§ DATA

lemma regulariser_matrix:
  fixes K :: "real^'n^'n"
  assumes "transpose K = K" and K_pos: "\<And>d. d \<noteq> 0 \<Longrightarrow> d \<bullet> (K *v d) > 0" and "c > 0"
  defines "M \<equiv> matrix_inv (mexp (c *\<^sub>R K) - mat 1)"
  shows "transpose M = M" and "\<And>d. d \<bullet> (M *v d) \<ge> 0" and "K ** M = M ** K"
proof -
  let ?A = "c *\<^sub>R K" and ?P = "mexp (c *\<^sub>R K) - mat 1"
  have A_sym: "transpose ?A = ?A"
    using assms(1) by (simp add: transpose_scalar)
  have P_pos: "d \<bullet> (?P *v d) > 0" if "d \<noteq> 0" for d
    using mexp_minus_one_pos[OF A_sym _ that] K_pos \<open>c > 0\<close>
    by (simp add: scaleR_matrix_vector_assoc[symmetric])
  have P_inv: "invertible ?P"
    using P_pos by (rule invertible_if_pos_def)
  have "transpose ?P = ?P"
    using transpose_mexp[OF A_sym] by (simp add: vec_eq_iff transpose_def mat_def)
  then show "transpose M = M"
    unfolding M_def using P_inv by (rule transpose_matrix_inv)
  show "d \<bullet> (M *v d) \<ge> 0" for d
    unfolding M_def using P_pos by (rule matrix_inv_nonneg)
  have "?P ** K = K ** ?P"
    using mexp_commute[of ?A K]
    by (simp add: matrix_diff_ldistrib matrix_diff_rdistrib matrix_scalar_ac scalar_matrix_assoc)
  then show "K ** M = M ** K"
    unfolding M_def using matrix_inv_commute[OF P_inv] by metis
qed

lemma regularised_least_squares_min:
  fixes M :: "'a::real_inner \<Rightarrow> 'a"
  assumes "linear M" and M_sym: "\<And>u w. inner (M u) w = inner u (M w)"
    and M_nonneg: "\<And>u. inner u (M u) \<ge> 0" and "v\<^sub>0 + M v\<^sub>0 = z"
  shows "inner (v\<^sub>0 - z) (v\<^sub>0 - z) + inner v\<^sub>0 (M v\<^sub>0) \<le> inner (v - z) (v - z) + inner v (M v)"
proof -
  interpret linear M by fact
  define d where "d = v - v\<^sub>0"
  have v: "v = v\<^sub>0 + d" and z: "z = v\<^sub>0 + M v\<^sub>0"
    using assms(4) by (simp_all add: d_def)
  have "inner (v - z) (v - z) + inner v (M v)
      = inner (v\<^sub>0 - z) (v\<^sub>0 - z) + inner v\<^sub>0 (M v\<^sub>0) + inner d d + inner d (M d)"
    unfolding v z using M_sym[of d v\<^sub>0]
    by (simp add: add inner_add_left inner_add_right inner_diff_left inner_diff_right inner_commute)
  then show ?thesis
    using M_nonneg[of d] by simp
qed

lemma transpose_gram: "pd_kernel k \<Longrightarrow> transpose (gram k x) = gram k x"
  by (simp add: pd_kernel_def gram_def transpose_def vec_eq_iff)

lemma gram_pos:
  fixes x :: "'n::finite \<Rightarrow> 'a"
  assumes "pd_kernel k" and "inj x" and "d \<noteq> 0"
  shows "d \<bullet> (gram k x *v d) > 0"
proof -
  define a where "a y = d $ inv x y" for y
  have a: "a (x i) = d $ i" for i
    using assms(2) by (simp add: a_def)
  obtain i where "d $ i \<noteq> 0"
    using assms(3) by (metis vec_eq_iff zero_index)
  then have "\<exists>y\<in>range x. a y \<noteq> 0"
    using a by auto
  then have "(\<Sum>y\<in>range x. \<Sum>y'\<in>range x. a y * a y' * k y y') > 0"
    using assms(1) unfolding pd_kernel_def by auto
  then show ?thesis
    by (simp add: sum.reindex[OF assms(2)] a gram_def inner_vec_def matrix_vector_mult_def
        sum_distrib_left mult_ac)
qed

lemma inner_kf:
  assumes "is_rkhs k ev kf"
  shows "inner (kf y) (kf t) = k t y"
  using assms unfolding is_rkhs_def by metis

lemma inner_PhiN:
  assumes "is_rkhs k ev kf"
  shows "inner g (PhiN kf x b) = b \<bullet> PhiN_adj ev x g"
  using assms by (simp add: is_rkhs_def PhiN_def PhiN_adj_def inner_sum_right inner_vec_def)

lemma ev_PhiN:
  assumes "is_rkhs k ev kf"
  shows "ev (PhiN kf x a) t = kvec k x t \<bullet> a"
  using assms by (simp add: is_rkhs_def PhiN_def kvec_def inner_sum_left inner_kf[OF assms]
      inner_vec_def mult.commute)

lemma PhiN_adj_PhiN:
  assumes "is_rkhs k ev kf"
  shows "PhiN_adj ev x (PhiN kf x a) = gram k x *v a"
  by (simp add: vec_eq_iff PhiN_adj_def ev_PhiN[OF assms] kvec_def gram_def
      matrix_vector_mult_def inner_vec_def mult.commute)

lemma objective_eq:
  assumes "is_rkhs k ev kf"
  shows "objective k ev kf x z \<nu> s g =
    (PhiN_adj ev x g - z) \<bullet> (PhiN_adj ev x g - z) +
    PhiN_adj ev x g \<bullet> (matrix_inv (mexp ((\<nu> * real s) *\<^sub>R gram k x) - mat 1) *v PhiN_adj ev x g)"
proof -
  have "(\<Sum>i\<in>UNIV. (ev g (x i) - z $ i)\<^sup>2) = (PhiN_adj ev x g - z) \<bullet> (PhiN_adj ev x g - z)"
    by (simp add: inner_vec_def PhiN_adj_def power2_eq_square)
  then show ?thesis
    by (simp add: objective_def RN_def inner_PhiN[OF assms] inner_commute)
qed

lemma regularised_gram_solution:
  fixes K M :: "real^'n^'n" and z :: "real^'n"
  assumes "invertible K" and "\<And>d. d \<bullet> (M *v d) \<ge> 0" and "K ** M = M ** K"
  defines "v \<equiv> K *v (matrix_inv (K + K ** M) *v z)"
  shows "v + M *v v = z"
proof -
  have "invertible (K + K ** M)"
    using assms(1) invertible_mult invertible_one_plus_nonneg[OF assms(2)]
    by (metis matrix_add_ldistrib matrix_mul_rid)
  have "v + M *v v = (K + M ** K) *v (matrix_inv (K + K ** M) *v z)"
    by (simp add: v_def matrix_vector_mult_add_rdistrib flip: matrix_vector_mul_assoc)
  also have "\<dots> = z"
    unfolding assms(3)[symmetric] using \<open>invertible (K + K ** M)\<close>
    by (simp add: matrix_vector_mul_assoc matrix_inv_right)
  finally show ?thesis .
qed

theorem mainTheorem8:
  fixes k :: "'a \<Rightarrow> 'a \<Rightarrow> real"
    and ev :: "'h::{real_inner,complete_space} \<Rightarrow> 'a \<Rightarrow> real"
    and kf :: "'a \<Rightarrow> 'h"
    and x :: "'n::finite \<Rightarrow> 'a"
    and z :: "real^'n"
    and \<nu> :: real and s :: nat
  assumes "pd_kernel k"
    and "is_rkhs k ev kf"
    and "inj x"
    and "\<nu> > 0"
    and "s \<ge> 1"
  shows "\<exists>f. ev f = pihat k x z \<nu> s \<and>
             (\<forall>g. objective k ev kf x z \<nu> s f \<le> objective k ev kf x z \<nu> s g)"
proof -
  define K where "K = gram k x"
  define M where "M = matrix_inv (mexp ((\<nu> * real s) *\<^sub>R K) - mat 1)"
  define a where "a = matrix_inv (K + K ** M) *v z"
  have K_sym: "transpose K = K"
    unfolding K_def using assms(1) by (rule transpose_gram)
  have K_pos: "\<And>d. d \<noteq> 0 \<Longrightarrow> d \<bullet> (K *v d) > 0"
    unfolding K_def using gram_pos[OF assms(1,3)] .
  have "\<nu> * real s > 0"
    using assms(4,5) by simp
  note M = regulariser_matrix[OF K_sym K_pos this, folded M_def]
  have fit: "K *v a + M *v (K *v a) = z"
    unfolding a_def using invertible_if_pos_def[OF K_pos] M(2,3) by (rule regularised_gram_solution)
  have "linear ((*v) M)" "\<And>u w. (M *v u) \<bullet> w = u \<bullet> (M *v w)"
    using inner_symmetric_matrix[OF M(1)] by auto
  note least_squares = regularised_least_squares_min[OF this M(2) fit]
  show ?thesis
  proof (intro exI conjI allI)
    show "ev (PhiN kf x a) = pihat k x z \<nu> s"
      by (simp add: fun_eq_iff ev_PhiN[OF assms(2)] pihat_def SigmaN_def a_def K_def M_def)
    show "objective k ev kf x z \<nu> s (PhiN kf x a) \<le> objective k ev kf x z \<nu> s g" for g
      using least_squares by (simp add: objective_eq[OF assms(2)] PhiN_adj_PhiN[OF assms(2)]
          flip: K_def M_def)
  qed
qed

end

§ WHAT TO WORK ON
After locating the line with "y = d $ inv" above, return that line and every later line through the one with "(kf y) (kf t)", word for word and with nothing else.

§ ANSWER SECTION
  define a where "a y = d $ inv x y" for y
  have a: "a (x i) = d $ i" for i
    using assms(2) by (simp add: a_def)
  obtain i where "d $ i \<noteq> 0"
    using assms(3) by (metis vec_eq_iff zero_index)
  then have "\<exists>y\<in>range x. a y \<noteq> 0"
    using a by auto
  then have "(\<Sum>y\<in>range x. \<Sum>y'\<in>range x. a y * a y' * k y y') > 0"
    using assms(1) unfolding pd_kernel_def by auto
  then show ?thesis
    by (simp add: sum.reindex[OF assms(2)] a gram_def inner_vec_def matrix_vector_mult_def
        sum_distrib_left mult_ac)
qed

lemma inner_kf:
  assumes "is_rkhs k ev kf"
  shows "inner (kf y) (kf t) = k t y"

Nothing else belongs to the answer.